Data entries
----
(* Let $n\ge1$, let $\mathcal{Z}=\{z_1,\dots,z_m\}\subset\mathbb{D}^n$ be $m$ distinct points, $\mathcal{Q}_{\mathcal{Z}}=\operatorname{span}\{\mathbb{S}(\cdot,z_j):j=1,\dots,m\}$, and $X\in\mathcal{B}(\mathcal{Q}_{\mathcal{Z}})$. Then $XS_{z_i}=S_{z_i}X$ for all $i=1,\dots,n$ if and only if there exists $\varphi\in H^\infty(\mathbb{D}^n)$ with $X=S_\varphi$. Moreover, in this case one may take $\varphi=X(P_{\mathcal{Q}_{\mathcal{Z}}}1)$, and this function lies in $H^\infty(\mathbb{D}^n)\cap\mathcal{Q}_{\mathcal{Z}}$.
   Context: $\mathbb{S}(z,w)=\prod_{i=1}^n(1-z_i\bar w_i)^{-1}$ is the Szegő kernel and $\mathbb{S}(\cdot,w)(z)=\mathbb{S}(z,w)$, an element of the Hardy space $H^2(\mathbb{T}^n)$. For $\varphi\in H^\infty(\mathbb{D}^n)$, $T_\varphi f=\varphi f$ on $H^2(\mathbb{T}^n)$, $P_{\mathcal{Q}_{\mathcal{Z}}}$ is the orthogonal projection onto $\mathcal{Q}_{\mathcal{Z}}$, and $S_\varphi=P_{\mathcal{Q}_{\mathcal{Z}}}T_\varphi|_{\mathcal{Q}_{\mathcal{Z}}}$ (in particular $S_{z_i}$ for $\varphi=z_i$). *)

theory Defs
  imports "HOL-Analysis.Analysis"
begin

text \<open>Points of the polydisc D^n are vectors of type complex^'n ('n finite, n = CARD('n)).
  Elements of H^2 are represented by their holomorphic functions on D^n (values outside
  the polydisc are irrelevant for the Hilbert-space structure).\<close>

definition polydisc :: "(complex ^ 'n::finite) set" where
  "polydisc = {z. \<forall>i. norm (z $ i) < 1}"

definition mono_pow :: "complex ^ 'n::finite \<Rightarrow> ('n \<Rightarrow> nat) \<Rightarrow> complex" where
  "mono_pow z \<alpha> = (\<Prod>i\<in>UNIV. (z $ i) ^ (\<alpha> i))"

definition power_series_on :: "(complex ^ 'n::finite \<Rightarrow> complex) \<Rightarrow> (('n \<Rightarrow> nat) \<Rightarrow> complex) \<Rightarrow> bool" where
  "power_series_on f c \<longleftrightarrow> (\<forall>z\<in>polydisc. ((\<lambda>\<alpha>. c \<alpha> * mono_pow z \<alpha>) has_sum f z) UNIV)"

definition holo_polydisc :: "(complex ^ 'n::finite \<Rightarrow> complex) \<Rightarrow> bool" where
  "holo_polydisc f \<longleftrightarrow> (\<exists>c. power_series_on f c)"

definition hardy2 :: "(complex ^ 'n::finite \<Rightarrow> complex) set" where
  "hardy2 = {f. \<exists>c. power_series_on f c \<and> (\<lambda>\<alpha>. (norm (c \<alpha>))\<^sup>2) summable_on UNIV}"

definition hinf :: "(complex ^ 'n::finite \<Rightarrow> complex) set" where
  "hinf = {f. holo_polydisc f \<and> bounded (f ` polydisc)}"

definition h2_coeff :: "(complex ^ 'n::finite \<Rightarrow> complex) \<Rightarrow> ('n \<Rightarrow> nat) \<Rightarrow> complex" where
  "h2_coeff f = (THE c. power_series_on f c)"

definition h2_inner :: "(complex ^ 'n::finite \<Rightarrow> complex) \<Rightarrow> (complex ^ 'n \<Rightarrow> complex) \<Rightarrow> complex" where
  "h2_inner f g = (\<Sum>\<^sub>\<infinity>\<alpha>. h2_coeff f \<alpha> * cnj (h2_coeff g \<alpha>))"

definition h2_norm :: "(complex ^ 'n::finite \<Rightarrow> complex) \<Rightarrow> real" where
  "h2_norm f = sqrt (Re (h2_inner f f))"

text \<open>Szego kernel S(z,w) = prod_i (1 - z_i conj(w_i))^{-1}; szego w is S(.,w).\<close>
definition szego :: "complex ^ 'n::finite \<Rightarrow> complex ^ 'n \<Rightarrow> complex" where
  "szego w z = (\<Prod>i\<in>UNIV. inverse (1 - z $ i * cnj (w $ i)))"

definition QZ :: "(complex ^ 'n::finite) set \<Rightarrow> (complex ^ 'n \<Rightarrow> complex) set" where
  "QZ Z = {f. \<exists>c. f = (\<lambda>z. \<Sum>w\<in>Z. c w * szego w z)}"

definition projQ :: "(complex ^ 'n::finite) set \<Rightarrow> (complex ^ 'n \<Rightarrow> complex) \<Rightarrow> (complex ^ 'n \<Rightarrow> complex)" where
  "projQ Z f = (THE g. g \<in> QZ Z \<and> (\<forall>q\<in>QZ Z. h2_inner (\<lambda>z. f z - g z) q = 0))"
lemma sum_mult_char_norm_kloosterman_sq:
  fixes \<psi> \<tau> \<chi> :: "'a::{comm_ring_1, finite} \<Rightarrow> complex"
  assumes L: "local_ring TYPE('a)" and \<psi>: "add_char \<psi>" and \<chi>: "primitive_mult_char \<chi>"
  shows "(\<Sum>a\<in>ring_units. \<chi> a * complex_of_real ((cmod (kloosterman \<psi> \<tau> a))\<^sup>2)) =
    gauss_sum \<psi> \<chi> *
      (\<Sum>(u, v)\<in>{(u, v). u \<in> ring_units \<and> v \<in> ring_units \<and> ring_inv u - ring_inv v \<in> ring_units}.
         \<tau> u * cnj (\<tau> v) * \<psi> (u - v) * \<chi> (ring_inv (ring_inv u - ring_inv v)))"
proof -
  let ?U = "ring_units :: 'a set"
  define F where "F u v = \<tau> u * cnj (\<tau> v) * \<psi> (u - v)" for u v
  define d where "d u v = ring_inv u - ring_inv v" for u v :: 'a
  have "(\<Sum>a\<in>?U. \<chi> a * complex_of_real ((cmod (kloosterman \<psi> \<tau> a))\<^sup>2))
      = (\<Sum>a\<in>?U. \<Sum>u\<in>?U. \<Sum>v\<in>?U. F u v * (\<chi> a * \<psi> (a * d u v)))"
    by (simp only: norm_kloosterman_sq[OF \<psi>]) (simp add: F_def d_def sum_distrib_left ac_simps)
  also have "\<dots> = (\<Sum>u\<in>?U. \<Sum>v\<in>?U. \<Sum>a\<in>?U. F u v * (\<chi> a * \<psi> (a * d u v)))"
    by (subst sum.swap) (rule sum.cong[OF refl], rule sum.swap)
  also have "\<dots> = (\<Sum>u\<in>?U. \<Sum>v\<in>?U.
      if d u v \<in> ?U then gauss_sum \<psi> \<chi> * (F u v * \<chi> (ring_inv (d u v))) else 0)"
    using \<chi> by (intro sum.cong refl)
      (simp add: twisted_gauss_sum_unit twisted_gauss_sum_nonunit[OF L \<chi>] primitive_mult_char_def
        flip: sum_distrib_left)
  also have "\<dots> = (\<Sum>(u, v)\<in>?U \<times> ?U.
      if d u v \<in> ?U then gauss_sum \<psi> \<chi> * (F u v * \<chi> (ring_inv (d u v))) else 0)"
    by (rule sum.cartesian_product)
  also have "\<dots> = (\<Sum>(u, v)\<in>{(u, v). u \<in> ?U \<and> v \<in> ?U \<and> d u v \<in> ?U}.
      if d u v \<in> ?U then gauss_sum \<psi> \<chi> * (F u v * \<chi> (ring_inv (d u v))) else 0)"
    by (rule sum.mono_neutral_right) (auto split: if_splits)
  also have "\<dots> = gauss_sum \<psi> \<chi> *
      (\<Sum>(u, v)\<in>{(u, v). u \<in> ?U \<and> v \<in> ?U \<and> d u v \<in> ?U}. F u v * \<chi> (ring_inv (d u v)))"
    by (auto simp: sum_distrib_left intro!: sum.cong)
  finally show ?thesis
    by (simp add: F_def d_def)
qed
----
_About this task_
Find the word "auto" in the records. Copy every line it appears in.

_Answer section_
    by (rule sum.mono_neutral_right) (auto split: if_splits)
    by (auto simp: sum_distrib_left intro!: sum.cong)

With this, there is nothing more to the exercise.